== Work instruction ==
Give back exactly the stretch of data below from the line holding "case (Suc n)" through the line holding "ordered_Stirling (Suc n) (i", both ends included, and leave the remaining lines out.

== Entries supplied ==
(* For every integer $n\ge 0$, \[ (x+1)\sum_{k=0}^{n}\binom{n}{k}\,{}_{H}w_{n-k}(x)\,w_{k}(x)={}_{H}w_{n+1}(x)+{}_{H}w_{n}(x)-w_{n+1}(x). \]
   Context: $\genfrac{\{}{\}}{0pt}{}{n}{k}$ denotes the Stirling numbers of the second kind. The geometric polynomials are $w_n(x)=\sum_{k=0}^{n}\genfrac{\{}{\}}{0pt}{}{n}{k}k!\,x^k$ (so $w_0=1$). With $H_k=\sum_{i=1}^k 1/i$, the harmonic geometric polynomials are ${}_{H}w_n(x)=\sum_{k=1}^{n}\genfrac{\{}{\}}{0pt}{}{n}{k}k!\,H_k\,x^k$ (so ${}_Hw_0=0$). *)

theory Defs
  imports "HOL-Analysis.Analysis" "HOL-Combinatorics.Stirling"
begin

definition geom_poly :: "nat \<Rightarrow> real \<Rightarrow> real" where
  "geom_poly n x = (\<Sum>k=0..n. real (Stirling n k) * fact k * x ^ k)"

definition harm_geom_poly :: "nat \<Rightarrow> real \<Rightarrow> real" where
  "harm_geom_poly n x = (\<Sum>k=1..n. real (Stirling n k) * fact k * harm k * x ^ k)"

end

theory Submission
  imports Defs
begin

text \<open>The coefficient \<open>a(n,k) = S(n,k) k!\<close> counts surjections from an \<open>n\<close>-set onto a \<open>k\<close>-set,
  so splitting a surjection onto \<open>i + j\<close> points along the two blocks gives the binomial convolution
  \<open>\<Sum>\<^sub>k C(n,k) a(n-k,i) a(k,j) = a(n,i+j)\<close>. For geometric polynomials with arbitrary coefficient
  weights \<open>\<Sum>\<^sub>k a(n,k) c\<^sub>k x\<^sup>k\<close> this turns the binomial convolution of \<open>\<^sub>Hw\<close> and \<open>w\<close> into
  \<open>\<Sum>\<^sub>m a(n,m) (H\<^sub>0 + \<dots> + H\<^sub>m) x\<^sup>m\<close>. On the right-hand side the recurrence
  \<open>a(n+1,k) = k (a(n,k) + a(n,k-1))\<close> writes every term through the \<open>a(n,k)\<close>, and
  \<open>H\<^sub>0 + \<dots> + H\<^sub>m = (m+1) H\<^sub>m - m\<close> makes the coefficients of \<open>a(n,m) x\<^sup>m\<close> agree.\<close>

definition ordered_Stirling :: "nat \<Rightarrow> nat \<Rightarrow> real" where
  "ordered_Stirling n k = real (Stirling n k) * fact k"

lemma ordered_Stirling_eq_0 [simp]: "n < k \<Longrightarrow> ordered_Stirling n k = 0"
  by (simp add: ordered_Stirling_def)

lemma ordered_Stirling_Suc:
  "ordered_Stirling (Suc n) k = real k * (ordered_Stirling n k + ordered_Stirling n (k - 1))"
  by (cases k) (simp_all add: ordered_Stirling_def algebra_simps)

lemma binomial_convolution_Suc:
  fixes F G :: "nat \<Rightarrow> 'a::comm_semiring_1"
  shows "(\<Sum>k\<le>Suc n. of_nat (Suc n choose k) * F (Suc n - k) * G k)
       = (\<Sum>k\<le>n. of_nat (n choose k) * (F (Suc (n - k)) * G k + F (n - k) * G (Suc k)))"
proof -
  define H where "H k = F (Suc n - k) * G k" for k
  have "(\<Sum>k\<le>Suc n. of_nat (Suc n choose k) * F (Suc n - k) * G k)
      = H 0 + (\<Sum>k\<le>n. of_nat (Suc n choose Suc k) * H (Suc k))"
    by (subst sum.atMost_Suc_shift) (simp add: H_def mult.assoc)
  also have "\<dots> = (H 0 + (\<Sum>k\<le>n. of_nat (n choose Suc k) * H (Suc k)))
                 + (\<Sum>k\<le>n. of_nat (n choose k) * H (Suc k))"
    by (simp add: sum.distrib algebra_simps)
  also have "H 0 + (\<Sum>k\<le>n. of_nat (n choose Suc k) * H (Suc k)) = (\<Sum>k\<le>Suc n. of_nat (n choose k) * H k)"
    by (subst sum.atMost_Suc_shift) simp
  also have "\<dots> = (\<Sum>k\<le>n. of_nat (n choose k) * H k)"
    by (simp add: binomial_eq_0)
  finally show ?thesis
    by (simp add: H_def sum.distrib algebra_simps Suc_diff_le)
qed

lemma ordered_Stirling_convolution:
  "(\<Sum>k\<le>n. real (n choose k) * ordered_Stirling (n - k) i * ordered_Stirling k j)
   = ordered_Stirling n (i + j)"
proof (induction n arbitrary: i j)
  case 0
  then show ?case by (cases i; cases j) (simp_all add: ordered_Stirling_def)
next
  case (Suc n)
  define conv where "conv i j = (\<Sum>k\<le>n. real (n choose k) * ordered_Stirling (n - k) i * ordered_Stirling k j)" for i j
  have conv_eq: "conv i j = ordered_Stirling n (i + j)" for i j
    by (simp add: conv_def Suc.IH)
  have "(\<Sum>k\<le>Suc n. real (Suc n choose k) * ordered_Stirling (Suc n - k) i * ordered_Stirling k j)
     = (\<Sum>k\<le>n. real (n choose k) * (ordered_Stirling (Suc (n - k)) i * ordered_Stirling k j
                                     + ordered_Stirling (n - k) i * ordered_Stirling (Suc k) j))"
    by (rule binomial_convolution_Suc)
  also have "\<dots> = real i * (conv i j + conv (i - 1) j) + real j * (conv i j + conv i (j - 1))"
    by (simp add: ordered_Stirling_Suc conv_def sum.distrib sum_distrib_left algebra_simps)
  also have "\<dots> = ordered_Stirling (Suc n) (i + j)"
    by (cases i; cases j) (simp_all add: conv_eq ordered_Stirling_Suc algebra_simps)
  finally show ?case .
qed

definition weighted_geom_poly :: "(nat \<Rightarrow> real) \<Rightarrow> nat \<Rightarrow> real \<Rightarrow> real" where
  "weighted_geom_poly c n x = (\<Sum>k\<le>n. ordered_Stirling n k * c k * x ^ k)"

lemma geom_poly_eq_weighted: "geom_poly n x = weighted_geom_poly (\<lambda>_. 1) n x"
  by (simp add: geom_poly_def weighted_geom_poly_def ordered_Stirling_def atLeast0AtMost)

lemma harm_geom_poly_eq_weighted: "harm_geom_poly n x = weighted_geom_poly harm n x"
proof -
  have "harm_geom_poly n x = (\<Sum>k=1..n. ordered_Stirling n k * harm k * x ^ k)"
    by (simp add: harm_geom_poly_def ordered_Stirling_def)
  also have "\<dots> = (\<Sum>k=0..n. ordered_Stirling n k * harm k * x ^ k)"
    by (rule sum.mono_neutral_left) (auto simp: harm_def)
  finally show ?thesis
    by (simp add: weighted_geom_poly_def atLeast0AtMost)
qed

lemma weighted_geom_poly_eq_sum_atMost:
  "m \<le> n \<Longrightarrow> weighted_geom_poly c m x = (\<Sum>k\<le>n. ordered_Stirling m k * c k * x ^ k)"
  unfolding weighted_geom_poly_def by (rule sum.mono_neutral_left) auto

lemma weighted_geom_poly_Suc:
  "weighted_geom_poly c (Suc n) x
   = (\<Sum>k\<le>n. ordered_Stirling n k * (real k * c k + real (Suc k) * c (Suc k) * x) * x ^ k)"
proof -
  have "weighted_geom_poly c (Suc n) x
      = (\<Sum>k\<le>Suc n. ordered_Stirling n k * real k * c k * x ^ k)
        + (\<Sum>k\<le>Suc n. ordered_Stirling n (k - 1) * real k * c k * x ^ k)"
    by (simp add: weighted_geom_poly_def ordered_Stirling_Suc sum.distrib [symmetric] algebra_simps)
  also have "(\<Sum>k\<le>Suc n. ordered_Stirling n (k - 1) * real k * c k * x ^ k)
      = (\<Sum>k\<le>n. ordered_Stirling n k * real (Suc k) * c (Suc k) * x ^ Suc k)"
    by (subst sum.atMost_Suc_shift) simp
  finally show ?thesis
    by (simp add: sum.distrib [symmetric] algebra_simps)
qed

lemma weighted_geom_poly_convolution:
  "(\<Sum>k\<le>n. real (n choose k) * weighted_geom_poly c (n - k) x * weighted_geom_poly d k x)
   = (\<Sum>m\<le>n. ordered_Stirling n m * (\<Sum>i\<le>m. c i * d (m - i)) * x ^ m)"
proof -
  define t where "t i j = c i * d j * x ^ (i + j)" for i j
  have product: "weighted_geom_poly c (n - k) x * weighted_geom_poly d k x
      = (\<Sum>i\<le>n. \<Sum>j\<le>n. ordered_Stirling (n - k) i * ordered_Stirling k j * t i j)" if "k \<le> n" for k
    unfolding weighted_geom_poly_eq_sum_atMost [OF diff_le_self] weighted_geom_poly_eq_sum_atMost [OF that] sum_product
    by (intro sum.cong refl) (simp add: t_def power_add mult_ac)
  have "(\<Sum>k\<le>n. real (n choose k) * weighted_geom_poly c (n - k) x * weighted_geom_poly d k x)
      = (\<Sum>k\<le>n. \<Sum>i\<le>n. \<Sum>j\<le>n. real (n choose k) * ordered_Stirling (n - k) i * ordered_Stirling k j * t i j)"
    by (intro sum.cong refl) (simp add: product sum_distrib_left mult.assoc)
  also have "\<dots> = (\<Sum>i\<le>n. \<Sum>k\<le>n. \<Sum>j\<le>n. real (n choose k) * ordered_Stirling (n - k) i * ordered_Stirling k j * t i j)"
    by (rule sum.swap)
  also have "\<dots> = (\<Sum>i\<le>n. \<Sum>j\<le>n. \<Sum>k\<le>n. real (n choose k) * ordered_Stirling (n - k) i * ordered_Stirling k j * t i j)"
    by (rule sum.cong [OF refl], rule sum.swap)
  also have "\<dots> = (\<Sum>(i, j)\<in>{..n} \<times> {..n}. ordered_Stirling n (i + j) * t i j)"
    by (simp add: sum.cartesian_product sum_distrib_right [symmetric] ordered_Stirling_convolution)
  also have "\<dots> = (\<Sum>(i, j)\<in>{(i, j). i + j \<le> n}. ordered_Stirling n (i + j) * t i j)"
    by (rule sum.mono_neutral_right) (auto, metis ordered_Stirling_eq_0 not_le)
  also have "\<dots> = (\<Sum>m\<le>n. \<Sum>i\<le>m. ordered_Stirling n m * t i (m - i))"
    by (simp add: sum.triangle_reindex_eq)
  finally show ?thesis
    by (simp add: t_def sum_distrib_left sum_distrib_right mult_ac)
qed

lemma sum_harm_atMost: "(\<Sum>i\<le>m. harm i :: real) = real (Suc m) * harm m - real m"
proof (induction m)
  case 0
  then show ?case by (simp add: harm_def)
next
  case (Suc m)
  have "(\<Sum>i\<le>Suc m. harm i :: real) = real (Suc m) * harm m - real m + harm (Suc m)"
    using Suc.IH by simp
  also have "\<dots> = real (Suc (Suc m)) * harm (Suc m) - real (Suc m)"
    by (simp add: harm_Suc field_simps)
  finally show ?case .
qed

theorem lemma1:
  fixes n :: nat and x :: real
  shows "(x + 1) * (\<Sum>k=0..n. real (n choose k) * harm_geom_poly (n - k) x * geom_poly k x)
         = harm_geom_poly (Suc n) x + harm_geom_poly n x - geom_poly (Suc n) x"
proof -
  define c where "c m = real (Suc m) * harm m - real m" for m
  have convolution: "(\<Sum>k=0..n. real (n choose k) * harm_geom_poly (n - k) x * geom_poly k x)
      = (\<Sum>m\<le>n. ordered_Stirling n m * c m * x ^ m)"
    by (simp add: atLeast0AtMost harm_geom_poly_eq_weighted geom_poly_eq_weighted
        weighted_geom_poly_convolution sum_harm_atMost c_def)
  have "harm_geom_poly (Suc n) x + harm_geom_poly n x - geom_poly (Suc n) x
      = (\<Sum>m\<le>n. ordered_Stirling n m * (real m * harm m + real (Suc m) * harm (Suc m) * x
                                          + harm m - (real m + real (Suc m) * x)) * x ^ m)"
    unfolding harm_geom_poly_eq_weighted geom_poly_eq_weighted weighted_geom_poly_Suc
    by (simp add: weighted_geom_poly_def sum.distrib [symmetric] sum_subtractf [symmetric] algebra_simps)
  also have "\<dots> = (x + 1) * (\<Sum>m\<le>n. ordered_Stirling n m * c m * x ^ m)"
    unfolding sum_distrib_left by (intro sum.cong refl) (simp add: c_def harm_Suc field_simps)
  finally show ?thesis
    by (simp add: convolution)
qed

end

== Written response ==
  case (Suc n)
  define conv where "conv i j = (\<Sum>k\<le>n. real (n choose k) * ordered_Stirling (n - k) i * ordered_Stirling k j)" for i j
  have conv_eq: "conv i j = ordered_Stirling n (i + j)" for i j
    by (simp add: conv_def Suc.IH)
  have "(\<Sum>k\<le>Suc n. real (Suc n choose k) * ordered_Stirling (Suc n - k) i * ordered_Stirling k j)
     = (\<Sum>k\<le>n. real (n choose k) * (ordered_Stirling (Suc (n - k)) i * ordered_Stirling k j
                                     + ordered_Stirling (n - k) i * ordered_Stirling (Suc k) j))"
    by (rule binomial_convolution_Suc)
  also have "\<dots> = real i * (conv i j + conv (i - 1) j) + real j * (conv i j + conv i (j - 1))"
    by (simp add: ordered_Stirling_Suc conv_def sum.distrib sum_distrib_left algebra_simps)
  also have "\<dots> = ordered_Stirling (Suc n) (i + j)"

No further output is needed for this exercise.